There may be an angle to it that the girls outnumber boys because of the kind of courses that St Stephen’s offers and is known for:

Courses like English and History Honours have more girls than boys. “The English literature class has a very skewed male-female ratio. The third year English Literature class has 26 girls and only three boys,” said Karen Gaberial of the English Department. Gaberial is also the media advisor of the college.

Not being known as a college for studying science, commerce, business education could be one reason why there are lesser number of boys getting admitted to their courses.

But the point remains that an all-boys college was opened to girls in 1975.  Most importantly, a quota of 25% for girls was instituted in a prestigious institution where getting admission for boys would not have been easy either.

St Stephen’s and Hindu College had been boys’ colleges for years before they were open to girls in the 1970s. However, girls’ colleges, including Miranda House, Indraprastha and Daulat Ram, have so far remained all girls’ colleges.
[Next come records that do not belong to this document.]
(* Let $W=\frac12(x^2-y^2)\partial_x+xy\partial_y$ on $\mathrm{SL}(2,\mathbb R)$. (1) The only $\mathcal N$-invariant $W$-translators are the surfaces $\Sigma_{\theta_0}$. (2) The only $\mathcal A$-invariant $W$-translators are the surfaces $\Sigma_{\theta_0}$. (3) Let $\Sigma$ be a rotational surface whose generating curve $\alpha(s)=(x(s),y(s))$ satisfies $x'=2y\cos\varphi$, $y'=2y\sin\varphi$. If $\Sigma$ is a $W$-translator, then $$\varphi'=(x-2)\cos\varphi-\frac{1}{2y}(x^2-y^2)\sin\varphi.$$
   Context: $\mathrm{SL}(2,\mathbb R)$ is given global coordinates $(x,y,\theta)\in\mathbb R\times(0,\infty)\times\mathbb R$ via $(x,y,\theta)\mapsto \begin{pmatrix}1&x\\0&1\end{pmatrix}\begin{pmatrix}\sqrt y&0\\0&1/\sqrt y\end{pmatrix}\begin{pmatrix}\cos\theta&\sin\theta\\-\sin\theta&\cos\theta\end{pmatrix}$, with the metric $\langle\,,\rangle=\frac{dx^2+dy^2}{4y^2}+\left(d\theta+\frac{dx}{2y}\right)^2$. Orthonormal frame: $e_1=2y\partial_x-\partial_\theta$, $e_2=2y\partial_y$, $e_3=\partial_\theta$; $W=\frac{1}{2y}\big(\frac12(x^2-y^2)e_1+xye_2+\frac12(x^2-y^2)e_3\big)$. A surface with unit normal $N$ and mean curvature $H$ (average of principal curvatures w.r.t. $N$) is a $W$-translator if $H=\langle N,W\rangle$. $\mathcal N$-invariant surfaces: parametrized as $(s,t)\mapsto(t,y(s),\theta(s))$; $N=\frac{y'}{\sqrt2\Phi}(e_1-e_3)+\frac{\sqrt2 y\theta'}{\Phi}e_2$, $H=\frac{\sqrt2 y^2}{\Phi^3}(\theta'y''-y'\theta''+2y\theta'^3)$, $\Phi=\sqrt{y'^2+2y^2\theta'^2}$. $\mathcal A$-invariant surfaces: parametrized as $(s,t)\mapsto(x(s),t,\theta(s))$, $t>0$; $N=\frac1\Phi(-(x'+2t\theta')e_1+x'e_3)$, $H=\frac{2t^2}{\Phi^3}(x'\theta''-\theta'x'')$, $\Phi=\sqrt{(x'+2t\theta')^2+x'^2}$. Rotational surfaces: parametrized as $(s,t)\mapsto(x(s),y(s),t)$; when $x'=2y\cos\varphi$, $y'=2y\sin\varphi$, $N=-\sin\varphi\,e_1+\cos\varphi\,e_2$ and $H=\frac{\varphi'}{2}+\cos\varphi$. $\Sigma_{\theta_0}=\{\theta=\theta_0\}$ for a constant $\theta_0$. *)

theory Defs
  imports "HOL-Analysis.Analysis"
begin

text \<open>Tangent vectors are represented by their components (a1,a2,a3) with respect to the
  orthonormal frame e1, e2, e3 of the given left-invariant metric on SL(2,R).
  Since the frame is orthonormal, the metric is the Euclidean dot product of components.\<close>

type_synonym frame_vec = "real \<times> real \<times> real"

definition frame_inner :: "frame_vec \<Rightarrow> frame_vec \<Rightarrow> real" where
  "frame_inner u v = fst u * fst v + fst (snd u) * fst (snd v) + snd (snd u) * snd (snd v)"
So opening boys colleges for girls is fine, giving 25% quota to girls in admissions was considered fine and not against any public policy, but giving 40% quota to boys now is considered a sacrilege and against meritocracy! 

From same news on Times of India, a woman professor Nandita Narain of the St Stephen states:


“Arguments were made that women students are taking up a majority of seats and that there were also a number of women’s colleges in Delhi University. If this is the case then you should make the boys do well, not deny seats to meritorious girls,” she said.

What happened to laudable goal of meritocracy when 25% quota for girls was instituted in 1975?  If that was some kind of affirmative action in favour of girls and women, isn’t a similar affirmative action needed now in favour of boys and men?